Given entries Block Start
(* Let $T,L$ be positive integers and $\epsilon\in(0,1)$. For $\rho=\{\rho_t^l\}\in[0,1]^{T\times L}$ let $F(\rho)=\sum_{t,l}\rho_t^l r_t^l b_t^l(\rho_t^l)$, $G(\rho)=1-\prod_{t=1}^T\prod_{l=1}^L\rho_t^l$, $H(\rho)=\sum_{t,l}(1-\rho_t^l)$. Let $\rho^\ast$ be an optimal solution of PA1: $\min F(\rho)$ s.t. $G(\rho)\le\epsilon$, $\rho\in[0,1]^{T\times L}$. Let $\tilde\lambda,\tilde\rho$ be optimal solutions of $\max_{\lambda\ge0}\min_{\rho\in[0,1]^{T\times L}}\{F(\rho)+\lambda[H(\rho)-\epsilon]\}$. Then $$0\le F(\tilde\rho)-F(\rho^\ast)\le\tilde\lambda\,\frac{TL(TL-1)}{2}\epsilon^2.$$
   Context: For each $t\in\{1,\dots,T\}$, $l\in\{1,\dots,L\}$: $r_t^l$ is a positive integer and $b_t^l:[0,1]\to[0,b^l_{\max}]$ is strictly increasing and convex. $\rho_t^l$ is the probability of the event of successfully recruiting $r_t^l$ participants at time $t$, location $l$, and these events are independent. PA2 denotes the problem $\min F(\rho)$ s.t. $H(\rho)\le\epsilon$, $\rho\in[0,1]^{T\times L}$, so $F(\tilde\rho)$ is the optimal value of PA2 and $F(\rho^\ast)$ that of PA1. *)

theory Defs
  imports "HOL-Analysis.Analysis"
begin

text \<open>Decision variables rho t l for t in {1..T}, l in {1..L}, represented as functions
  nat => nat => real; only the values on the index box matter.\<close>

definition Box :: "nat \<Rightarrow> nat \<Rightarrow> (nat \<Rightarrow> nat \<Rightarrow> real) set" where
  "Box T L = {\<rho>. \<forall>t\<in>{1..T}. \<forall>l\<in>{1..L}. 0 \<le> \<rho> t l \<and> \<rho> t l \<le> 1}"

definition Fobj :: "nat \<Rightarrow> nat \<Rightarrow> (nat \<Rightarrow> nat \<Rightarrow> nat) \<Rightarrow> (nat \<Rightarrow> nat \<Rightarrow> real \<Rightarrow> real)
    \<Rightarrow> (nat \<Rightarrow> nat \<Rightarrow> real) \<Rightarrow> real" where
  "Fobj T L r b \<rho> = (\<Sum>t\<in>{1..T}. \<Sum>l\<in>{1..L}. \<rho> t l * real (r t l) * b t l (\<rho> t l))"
Given entries Block End
Given entries Block Start
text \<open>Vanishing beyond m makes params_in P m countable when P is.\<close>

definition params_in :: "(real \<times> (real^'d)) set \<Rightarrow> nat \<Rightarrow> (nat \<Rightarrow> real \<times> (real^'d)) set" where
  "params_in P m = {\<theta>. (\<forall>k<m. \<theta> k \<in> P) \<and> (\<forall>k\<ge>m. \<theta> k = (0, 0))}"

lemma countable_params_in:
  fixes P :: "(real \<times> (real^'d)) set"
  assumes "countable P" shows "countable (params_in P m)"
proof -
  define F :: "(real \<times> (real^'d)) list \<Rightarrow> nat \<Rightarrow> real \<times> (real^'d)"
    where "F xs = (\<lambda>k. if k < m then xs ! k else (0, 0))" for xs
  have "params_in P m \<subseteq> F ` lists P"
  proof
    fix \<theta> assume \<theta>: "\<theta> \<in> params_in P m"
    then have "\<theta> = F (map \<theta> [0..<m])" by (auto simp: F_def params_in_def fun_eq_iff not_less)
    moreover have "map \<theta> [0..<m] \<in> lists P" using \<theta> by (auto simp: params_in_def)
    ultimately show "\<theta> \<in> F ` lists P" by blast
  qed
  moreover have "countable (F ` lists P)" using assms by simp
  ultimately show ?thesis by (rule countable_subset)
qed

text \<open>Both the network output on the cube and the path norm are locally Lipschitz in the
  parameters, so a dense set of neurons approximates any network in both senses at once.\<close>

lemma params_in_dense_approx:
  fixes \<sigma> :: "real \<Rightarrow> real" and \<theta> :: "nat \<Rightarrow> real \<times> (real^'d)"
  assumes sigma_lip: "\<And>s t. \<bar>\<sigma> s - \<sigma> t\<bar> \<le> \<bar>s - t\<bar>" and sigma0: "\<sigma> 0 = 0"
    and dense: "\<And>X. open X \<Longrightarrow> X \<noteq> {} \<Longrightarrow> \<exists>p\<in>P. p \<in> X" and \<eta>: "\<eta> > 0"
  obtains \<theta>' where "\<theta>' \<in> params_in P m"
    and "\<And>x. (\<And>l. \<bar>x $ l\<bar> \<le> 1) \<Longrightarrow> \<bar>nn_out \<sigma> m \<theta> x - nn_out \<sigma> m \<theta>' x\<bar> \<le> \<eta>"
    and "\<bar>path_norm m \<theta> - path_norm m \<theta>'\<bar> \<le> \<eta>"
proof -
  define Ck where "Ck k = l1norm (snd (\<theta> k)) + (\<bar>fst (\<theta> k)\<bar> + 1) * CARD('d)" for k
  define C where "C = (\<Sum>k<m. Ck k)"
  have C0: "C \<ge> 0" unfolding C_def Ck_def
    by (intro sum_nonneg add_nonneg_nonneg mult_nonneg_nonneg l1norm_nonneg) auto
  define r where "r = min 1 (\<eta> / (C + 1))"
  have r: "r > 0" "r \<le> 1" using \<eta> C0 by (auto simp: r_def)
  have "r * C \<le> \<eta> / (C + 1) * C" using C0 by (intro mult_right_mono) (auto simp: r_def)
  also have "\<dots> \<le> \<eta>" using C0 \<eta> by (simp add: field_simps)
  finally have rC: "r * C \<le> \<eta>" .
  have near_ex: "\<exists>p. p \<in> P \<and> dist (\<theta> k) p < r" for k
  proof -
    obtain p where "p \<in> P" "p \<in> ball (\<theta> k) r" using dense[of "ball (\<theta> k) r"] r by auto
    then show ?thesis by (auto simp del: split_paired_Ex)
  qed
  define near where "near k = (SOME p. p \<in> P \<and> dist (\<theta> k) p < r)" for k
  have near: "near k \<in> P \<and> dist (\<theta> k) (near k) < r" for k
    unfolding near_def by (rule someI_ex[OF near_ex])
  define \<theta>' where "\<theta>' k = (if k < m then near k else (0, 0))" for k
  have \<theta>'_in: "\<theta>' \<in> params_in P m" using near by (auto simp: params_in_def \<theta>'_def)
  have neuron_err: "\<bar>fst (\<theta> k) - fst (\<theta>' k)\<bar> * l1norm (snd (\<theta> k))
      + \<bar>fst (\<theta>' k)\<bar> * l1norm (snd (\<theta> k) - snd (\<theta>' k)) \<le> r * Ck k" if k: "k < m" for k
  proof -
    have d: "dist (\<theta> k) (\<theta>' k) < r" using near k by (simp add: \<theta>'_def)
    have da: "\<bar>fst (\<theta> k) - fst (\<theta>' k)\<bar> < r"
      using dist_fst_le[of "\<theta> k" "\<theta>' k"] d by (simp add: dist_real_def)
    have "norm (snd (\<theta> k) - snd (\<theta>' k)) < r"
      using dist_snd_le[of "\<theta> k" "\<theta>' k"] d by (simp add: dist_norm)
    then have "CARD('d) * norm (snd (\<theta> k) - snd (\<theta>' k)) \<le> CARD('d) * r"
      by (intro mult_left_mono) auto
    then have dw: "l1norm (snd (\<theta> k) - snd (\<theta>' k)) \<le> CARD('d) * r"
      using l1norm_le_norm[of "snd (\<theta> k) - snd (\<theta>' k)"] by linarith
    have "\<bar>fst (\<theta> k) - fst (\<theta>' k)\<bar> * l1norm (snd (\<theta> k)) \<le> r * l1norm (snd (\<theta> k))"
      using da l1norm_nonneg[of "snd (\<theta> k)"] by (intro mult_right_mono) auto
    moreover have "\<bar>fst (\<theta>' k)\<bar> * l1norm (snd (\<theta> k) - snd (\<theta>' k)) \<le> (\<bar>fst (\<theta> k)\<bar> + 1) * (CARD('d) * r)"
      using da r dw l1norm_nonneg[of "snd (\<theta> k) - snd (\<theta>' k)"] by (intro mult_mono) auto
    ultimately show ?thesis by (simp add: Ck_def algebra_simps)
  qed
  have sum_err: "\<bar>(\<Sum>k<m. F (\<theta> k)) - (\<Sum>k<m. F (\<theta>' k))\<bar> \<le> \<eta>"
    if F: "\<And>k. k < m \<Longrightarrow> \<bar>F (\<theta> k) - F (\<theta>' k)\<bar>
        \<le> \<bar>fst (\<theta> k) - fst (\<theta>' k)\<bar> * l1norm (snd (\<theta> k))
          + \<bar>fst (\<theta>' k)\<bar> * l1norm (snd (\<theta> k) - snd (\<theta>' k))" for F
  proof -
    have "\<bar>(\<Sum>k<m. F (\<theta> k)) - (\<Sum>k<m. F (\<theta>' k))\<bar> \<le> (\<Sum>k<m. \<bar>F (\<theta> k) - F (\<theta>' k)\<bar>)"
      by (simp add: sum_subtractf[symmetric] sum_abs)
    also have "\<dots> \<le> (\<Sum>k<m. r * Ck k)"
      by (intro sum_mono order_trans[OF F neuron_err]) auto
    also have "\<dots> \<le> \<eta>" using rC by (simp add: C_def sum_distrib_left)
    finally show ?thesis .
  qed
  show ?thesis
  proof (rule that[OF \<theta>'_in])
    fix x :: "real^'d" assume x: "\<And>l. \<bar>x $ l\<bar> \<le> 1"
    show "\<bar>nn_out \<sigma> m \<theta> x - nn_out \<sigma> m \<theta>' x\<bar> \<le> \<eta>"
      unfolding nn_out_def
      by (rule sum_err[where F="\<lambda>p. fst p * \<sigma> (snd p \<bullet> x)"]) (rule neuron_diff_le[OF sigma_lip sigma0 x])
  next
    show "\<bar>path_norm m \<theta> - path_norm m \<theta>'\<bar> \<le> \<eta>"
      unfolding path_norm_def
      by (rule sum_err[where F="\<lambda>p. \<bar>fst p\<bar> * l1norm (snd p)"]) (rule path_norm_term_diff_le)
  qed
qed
Given entries Block End
Your assignment: Everything from the line containing "(* Let $T,L$" through the line containing "t l (\<rho>" in the material above should be retyped exactly, both ends included, and nothing more.

Problem solution:
(* Let $T,L$ be positive integers and $\epsilon\in(0,1)$. For $\rho=\{\rho_t^l\}\in[0,1]^{T\times L}$ let $F(\rho)=\sum_{t,l}\rho_t^l r_t^l b_t^l(\rho_t^l)$, $G(\rho)=1-\prod_{t=1}^T\prod_{l=1}^L\rho_t^l$, $H(\rho)=\sum_{t,l}(1-\rho_t^l)$. Let $\rho^\ast$ be an optimal solution of PA1: $\min F(\rho)$ s.t. $G(\rho)\le\epsilon$, $\rho\in[0,1]^{T\times L}$. Let $\tilde\lambda,\tilde\rho$ be optimal solutions of $\max_{\lambda\ge0}\min_{\rho\in[0,1]^{T\times L}}\{F(\rho)+\lambda[H(\rho)-\epsilon]\}$. Then $$0\le F(\tilde\rho)-F(\rho^\ast)\le\tilde\lambda\,\frac{TL(TL-1)}{2}\epsilon^2.$$
   Context: For each $t\in\{1,\dots,T\}$, $l\in\{1,\dots,L\}$: $r_t^l$ is a positive integer and $b_t^l:[0,1]\to[0,b^l_{\max}]$ is strictly increasing and convex. $\rho_t^l$ is the probability of the event of successfully recruiting $r_t^l$ participants at time $t$, location $l$, and these events are independent. PA2 denotes the problem $\min F(\rho)$ s.t. $H(\rho)\le\epsilon$, $\rho\in[0,1]^{T\times L}$, so $F(\tilde\rho)$ is the optimal value of PA2 and $F(\rho^\ast)$ that of PA1. *)

theory Defs
  imports "HOL-Analysis.Analysis"
begin

text \<open>Decision variables rho t l for t in {1..T}, l in {1..L}, represented as functions
  nat => nat => real; only the values on the index box matter.\<close>

definition Box :: "nat \<Rightarrow> nat \<Rightarrow> (nat \<Rightarrow> nat \<Rightarrow> real) set" where
  "Box T L = {\<rho>. \<forall>t\<in>{1..T}. \<forall>l\<in>{1..L}. 0 \<le> \<rho> t l \<and> \<rho> t l \<le> 1}"

definition Fobj :: "nat \<Rightarrow> nat \<Rightarrow> (nat \<Rightarrow> nat \<Rightarrow> nat) \<Rightarrow> (nat \<Rightarrow> nat \<Rightarrow> real \<Rightarrow> real)
    \<Rightarrow> (nat \<Rightarrow> nat \<Rightarrow> real) \<Rightarrow> real" where
  "Fobj T L r b \<rho> = (\<Sum>t\<in>{1..T}. \<Sum>l\<in>{1..L}. \<rho> t l * real (r t l) * b t l (\<rho> t l))"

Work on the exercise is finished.